*** Begin section ***

(* For the canonical collection $\mathcal{S}$, $$B(\mathcal{S}):=\int_0^\infty\big|\{S\in\mathcal{S}: t\text{ is }S\text{-bad}\}\big|\,dt\ \le\ 2\cdot\mathrm{excess}(\mathrm{OPT}).$$
   Context: Steiner Forest: finite undirected graph $G=(V,E)$ with non-negative edge costs $(c_e)_{e\in E}$ and a set $\mathcal{D}$ of demand pairs $\{a,b\}\subseteq V$ (partners); feasible solutions are $F\subseteq E$ with each demand pair in one connected component of $(V,F)$, of cost $c(F)=\sum_{e\in F}c_e$. $\mathrm{OPT}$ is a fixed optimal solution that is inclusionwise minimal (no cost-$0$ edge can be omitted keeping feasibility). For $U\subseteq V$, $\delta(U)$ is the set of edges with exactly one endpoint in $U$; $U$ separates $S$ if $S\cap U\ne\emptyset$ and $S\setminus U\ne\emptyset$. The $\varepsilon$-extended moat-growing algorithm (fixed $\varepsilon\ge0$): time $t$ increases continuously from $0$ at unit rate; it maintains tight edges $F$ (initially empty), duals $y_S(t)\ge0$ (initially $0$), and budgets of components (initially $0$). $\mathcal{C}^t$ is the family of vertex sets of connected components of $(V,F)$. A component is demand-active if it contains a vertex not connected in $(V,F)$ to some partner; budget-active if not demand-active but with positive budget; active if either; $\mathcal{A}^t$ is the set of active components. Each $y_S$, $S\in\mathcal{A}^t$, grows at unit rate; budgets of demand-active components grow at rate $\varepsilon$ and of budget-active ones decrease at rate $1$; an edge $e$ with $\sum_{S:e\in\delta(S)}y_S(t)=c_e$ becomes tight and is added to $F$; merging components add budgets. $y_S=y_S(\infty)$; $\mathcal{U}_{\mathrm{sep}}$ is the set of $U\in\mathrm{supp}(y)$ separating some demand pair; $\mathrm{excess}(F)=c(F)-\sum_{U\in\mathcal{U}_{\mathrm{sep}}}y_U$. The deactivation time $\tau_v$ of $v$ is the largest $t$ such that for all $s<t$, $v$ lies in a set of $\mathcal{A}^s$. Vertices $u,v$ are actively connected if for some $t$ they lie in a common set of $\mathcal{C}^t$ and $\tau_u,\tau_v\ge t$ (an equivalence relation). Canonical collection $\mathcal{S}$: start with a family $\mathcal{F}$ in which each tree of $\mathrm{OPT}$ is its own forest; for each $U\in\mathcal{U}_{\mathrm{sep}}$, merge all forests of $\mathcal{F}$ that connect some demand pair separated by $U$ into a single forest. For each $F\in\mathcal{F}$ let $r_F$ be a vertex of $F$ with maximum deactivation time; for each connected component $T$ of $F$, let $S$ be the set of vertices of $T$ actively connected to $r_F$; if $S\ne\emptyset$, add $S$ to $\mathcal{S}$. For $S\in\mathcal{S}$, a time $t\ge0$ is $S$-bad if some set $U\in\mathcal{A}^t$ that separates $S$ also separates some other set $S'\in\mathcal{S}\setminus\{S\}$; otherwise $t$ is $S$-good. *)

theory Defs
  imports "HOL-Analysis.Analysis"
begin

text \<open>A finite undirected (multi)graph: vertex set V, edge set E, and
  endp e = the two-element set of endpoints of edge e.\<close>

definition adj :: "('e \<Rightarrow> 'v set) \<Rightarrow> 'e set \<Rightarrow> ('v \<times> 'v) set" where
  "adj endp F = {(u, w). \<exists>e\<in>F. endp e = {u, w}}"

definition comp :: "('e \<Rightarrow> 'v set) \<Rightarrow> 'e set \<Rightarrow> 'v \<Rightarrow> 'v set" where
  "comp endp F v = {w. (v, w) \<in> (adj endp F)\<^sup>*}"

definition comps :: "('e \<Rightarrow> 'v set) \<Rightarrow> 'v set \<Rightarrow> 'e set \<Rightarrow> 'v set set" where
  "comps endp V F = comp endp F ` V"

definition separates :: "'v set \<Rightarrow> 'v set \<Rightarrow> bool" where
  "separates U S \<longleftrightarrow> S \<inter> U \<noteq> {} \<and> S - U \<noteq> {}"

definition feasible :: "'v set \<Rightarrow> 'e set \<Rightarrow> ('e \<Rightarrow> 'v set) \<Rightarrow> 'v set set \<Rightarrow> 'e set \<Rightarrow> bool" where
  "feasible V E endp D F \<longleftrightarrow> F \<subseteq> E \<and> (\<forall>d\<in>D. \<exists>C\<in>comps endp V F. d \<subseteq> C)"

definition cost :: "('e \<Rightarrow> real) \<Rightarrow> 'e set \<Rightarrow> real" where
  "cost c F = sum c F"

definition delta :: "'e set \<Rightarrow> ('e \<Rightarrow> 'v set) \<Rightarrow> 'v set \<Rightarrow> 'e set" where
  "delta E endp U = {e\<in>E. card (endp e \<inter> U) = 1}"

text \<open>A run is described by the family act t of active components at time t
  (the sets of A^t).  Everything else is derived from it.\<close>

definition dem_active :: "'v set set \<Rightarrow> 'v set \<Rightarrow> bool" where
  "dem_active D C \<longleftrightarrow> (\<exists>d\<in>D. separates C d)"

definition yval :: "(real \<Rightarrow> 'v set set) \<Rightarrow> 'v set \<Rightarrow> real \<Rightarrow> real" where
  "yval act S t = measure lborel {s\<in>{0..<t}. S \<in> act s}"

text \<open>Budget of component C at time t: budgets of all earlier components
  contained in C (its ancestors, whose budgets were added up on merging) grow at
  rate eps while demand-active and decrease at rate 1 while budget-active.\<close>
definition budget :: "real \<Rightarrow> 'v set set \<Rightarrow> (real \<Rightarrow> 'v set set) \<Rightarrow> 'v set \<Rightarrow> real \<Rightarrow> real" where
  "budget eps D act C t =
     (\<Sum>S\<in>Pow C. (if dem_active D S then eps else -1) * yval act S t)"

definition tight :: "'v set \<Rightarrow> 'e set \<Rightarrow> ('e \<Rightarrow> 'v set) \<Rightarrow> ('e \<Rightarrow> real)
    \<Rightarrow> (real \<Rightarrow> 'v set set) \<Rightarrow> real \<Rightarrow> 'e set" where
  "tight V E endp c act t =
     {e\<in>E. c e \<le> (\<Sum>S\<in>{S\<in>Pow V. e \<in> delta E endp S}. yval act S t)}"

definition comps_at :: "'v set \<Rightarrow> 'e set \<Rightarrow> ('e \<Rightarrow> 'v set) \<Rightarrow> ('e \<Rightarrow> real)
    \<Rightarrow> (real \<Rightarrow> 'v set set) \<Rightarrow> real \<Rightarrow> 'v set set" where
  "comps_at V E endp c act t = comps endp V (tight V E endp c act t)"

definition moat_run :: "'v set \<Rightarrow> 'e set \<Rightarrow> ('e \<Rightarrow> 'v set) \<Rightarrow> ('e \<Rightarrow> real)
    \<Rightarrow> 'v set set \<Rightarrow> real \<Rightarrow> (real \<Rightarrow> 'v set set) \<Rightarrow> bool" where
  "moat_run V E endp c D eps act \<longleftrightarrow>
     (\<forall>t\<ge>0. act t = {C\<in>comps_at V E endp c act t.
                        dem_active D C \<or> budget eps D act C t > 0}) \<and>
     (\<forall>S. {s\<in>{0..}. S \<in> act s} \<in> sets lborel)"

definition yfin :: "(real \<Rightarrow> 'v set set) \<Rightarrow> 'v set \<Rightarrow> real" where
  "yfin act S = measure lborel {s\<in>{0..}. S \<in> act s}"

definition U_sep :: "'v set \<Rightarrow> 'v set set \<Rightarrow> (real \<Rightarrow> 'v set set) \<Rightarrow> 'v set set" where
  "U_sep V D act = {U. U \<subseteq> V \<and> yfin act U > 0 \<and> (\<exists>d\<in>D. separates U d)}"

definition excess :: "'v set \<Rightarrow> ('e \<Rightarrow> real) \<Rightarrow> 'v set set \<Rightarrow> (real \<Rightarrow> 'v set set)
    \<Rightarrow> 'e set \<Rightarrow> real" where
  "excess V c D act F = cost c F - (\<Sum>U\<in>U_sep V D act. yfin act U)"

definition deact :: "(real \<Rightarrow> 'v set set) \<Rightarrow> 'v \<Rightarrow> real" where
  "deact act v = Sup {t. 0 \<le> t \<and> (\<forall>s. 0 \<le> s \<and> s < t \<longrightarrow> v \<in> \<Union>(act s))}"

definition act_conn :: "'v set \<Rightarrow> 'e set \<Rightarrow> ('e \<Rightarrow> 'v set) \<Rightarrow> ('e \<Rightarrow> real)
    \<Rightarrow> (real \<Rightarrow> 'v set set) \<Rightarrow> 'v \<Rightarrow> 'v \<Rightarrow> bool" where
  "act_conn V E endp c act u v \<longleftrightarrow>
     (\<exists>t\<ge>0. \<exists>C\<in>comps_at V E endp c act t. u \<in> C \<and> v \<in> C \<and>
              t \<le> deact act u \<and> t \<le> deact act v)"

text \<open>Trees of OPT are (vertex sets of) components of (V,OPT).  Two trees end
  up in the same forest iff they are related by the equivalence closure of:
  both connect demand pairs separated by a common U in U_sep.\<close>
definition tree_rel :: "'v set \<Rightarrow> ('e \<Rightarrow> 'v set) \<Rightarrow> 'v set set \<Rightarrow> (real \<Rightarrow> 'v set set)
    \<Rightarrow> 'e set \<Rightarrow> ('v set \<times> 'v set) set" where
  "tree_rel V endp D act OPT =
     {(T1, T2). T1 \<in> comps endp V OPT \<and> T2 \<in> comps endp V OPT \<and>
        (\<exists>U\<in>U_sep V D act. \<exists>d1\<in>D. \<exists>d2\<in>D.
            separates U d1 \<and> separates U d2 \<and> d1 \<subseteq> T1 \<and> d2 \<subseteq> T2)}"

text \<open>the family of forests; a forest is represented by its set of trees\<close>
definition forests :: "'v set \<Rightarrow> ('e \<Rightarrow> 'v set) \<Rightarrow> 'v set set \<Rightarrow> (real \<Rightarrow> 'v set set)
    \<Rightarrow> 'e set \<Rightarrow> 'v set set set" where
  "forests V endp D act OPT =
     (\<lambda>T. {T'. (T, T') \<in> (tree_rel V endp D act OPT)\<^sup>*}) ` comps endp V OPT"

text \<open>r assigns to each forest its chosen root r_F\<close>
definition canonical :: "'v set \<Rightarrow> 'e set \<Rightarrow> ('e \<Rightarrow> 'v set) \<Rightarrow> ('e \<Rightarrow> real)
    \<Rightarrow> 'v set set \<Rightarrow> (real \<Rightarrow> 'v set set) \<Rightarrow> 'e set \<Rightarrow> ('v set set \<Rightarrow> 'v) \<Rightarrow> 'v set set" where
  "canonical V E endp c D act OPT r =
     {S. \<exists>\<Phi>\<in>forests V endp D act OPT. \<exists>T\<in>\<Phi>.
           S = {v\<in>T. act_conn V E endp c act v (r \<Phi>)} \<and> S \<noteq> {}}"

definition bad :: "(real \<Rightarrow> 'v set set) \<Rightarrow> 'v set set \<Rightarrow> 'v set \<Rightarrow> real \<Rightarrow> bool" where
  "bad act \<S> S t \<longleftrightarrow>
     (\<exists>U\<in>act t. separates U S \<and> (\<exists>S'\<in>\<S> - {S}. separates U S'))"

end

theory Submission
  imports Defs
begin

(*
  At time t a member S of the canonical collection is bad only because of some active U that
  separates S and another member; if U separates k \<ge> 2 members, it makes at most k of them
  bad, and k \<le> 2 (k - 1).  The members lie in distinct trees of OPT, and every tree separated
  by U contains an edge of OPT crossing U, so k \<le> |\<delta>(U) \<inter> OPT|; when U separates a demand
  pair, |\<delta>(U) \<inter> OPT| \<ge> 1 by feasibility.  Integrating over t therefore bounds B(\<S>) by
  2 \<Sum>\<^sub>U (|\<delta>(U) \<inter> OPT| - [U \<in> U_sep]) y\<^sub>U.  The duals of the run are feasible (a set stops
  growing once a crossing edge is tight), so \<Sum>\<^sub>U |\<delta>(U) \<inter> OPT| y\<^sub>U \<le> c(OPT), and the bound
  is 2 excess(OPT).
*)

section \<open>Connected components\<close>

lemma sym_adj: "sym (adj endp F)"
  by (rule symI) (auto simp: adj_def insert_commute)

lemma comp_eq_if_mem:
  assumes "x \<in> comp endp F v"
  shows "comp endp F x = comp endp F v"
proof -
  have vx: "(v, x) \<in> (adj endp F)\<^sup>*" using assms unfolding comp_def by simp
  have xv: "(x, v) \<in> (adj endp F)\<^sup>*" using sym_rtrancl[OF sym_adj] vx by (rule symD)
  show ?thesis unfolding comp_def using vx xv by (blast intro: rtrancl_trans)
qed

lemma comps_disjoint:
  assumes "T \<in> comps endp V F" "T' \<in> comps endp V F" "x \<in> T" "x \<in> T'"
  shows "T = T'"
proof -
  obtain v w where v: "T = comp endp F v" and w: "T' = comp endp F w"
    using assms(1,2) unfolding comps_def by blast
  have "T = comp endp F x" unfolding v by (rule sym, rule comp_eq_if_mem) (use assms(3) v in simp)
  also have "\<dots> = T'" unfolding w by (rule comp_eq_if_mem) (use assms(4) w in simp)
  finally show ?thesis .
qed

lemma comps_subset:
  assumes "T \<in> comps endp V F" "\<forall>e\<in>F. endp e \<subseteq> V"
  shows "T \<subseteq> V"
proof
  fix w assume "w \<in> T"
  obtain v where "v \<in> V" "T = comp endp F v" using assms(1) unfolding comps_def by blast
  with \<open>w \<in> T\<close> have "(v, w) \<in> (adj endp F)\<^sup>*" "v \<in> V" unfolding comp_def by simp_all
  then show "w \<in> V"
  proof (induction rule: rtrancl_induct)
    case (step y z)
    then show ?case using assms(2) unfolding adj_def by auto
  qed
qed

*** End section ***

__Task goal__: Above this task is a listing. Restate, word for word and with nothing added, the lines from the one with "set) \<Rightarrow> real \<Rightarrow> 'v" through the one with "set \<Rightarrow> 'v set set \<Rightarrow>".

__Finished task__:
    \<Rightarrow> (real \<Rightarrow> 'v set set) \<Rightarrow> real \<Rightarrow> 'v set set" where
  "comps_at V E endp c act t = comps endp V (tight V E endp c act t)"

definition moat_run :: "'v set \<Rightarrow> 'e set \<Rightarrow> ('e \<Rightarrow> 'v set) \<Rightarrow> ('e \<Rightarrow> real)
    \<Rightarrow> 'v set set \<Rightarrow> real \<Rightarrow> (real \<Rightarrow> 'v set set) \<Rightarrow> bool" where
  "moat_run V E endp c D eps act \<longleftrightarrow>
     (\<forall>t\<ge>0. act t = {C\<in>comps_at V E endp c act t.
                        dem_active D C \<or> budget eps D act C t > 0}) \<and>
     (\<forall>S. {s\<in>{0..}. S \<in> act s} \<in> sets lborel)"

definition yfin :: "(real \<Rightarrow> 'v set set) \<Rightarrow> 'v set \<Rightarrow> real" where
  "yfin act S = measure lborel {s\<in>{0..}. S \<in> act s}"

definition U_sep :: "'v set \<Rightarrow> 'v set set \<Rightarrow> (real \<Rightarrow> 'v set set) \<Rightarrow> 'v set set" where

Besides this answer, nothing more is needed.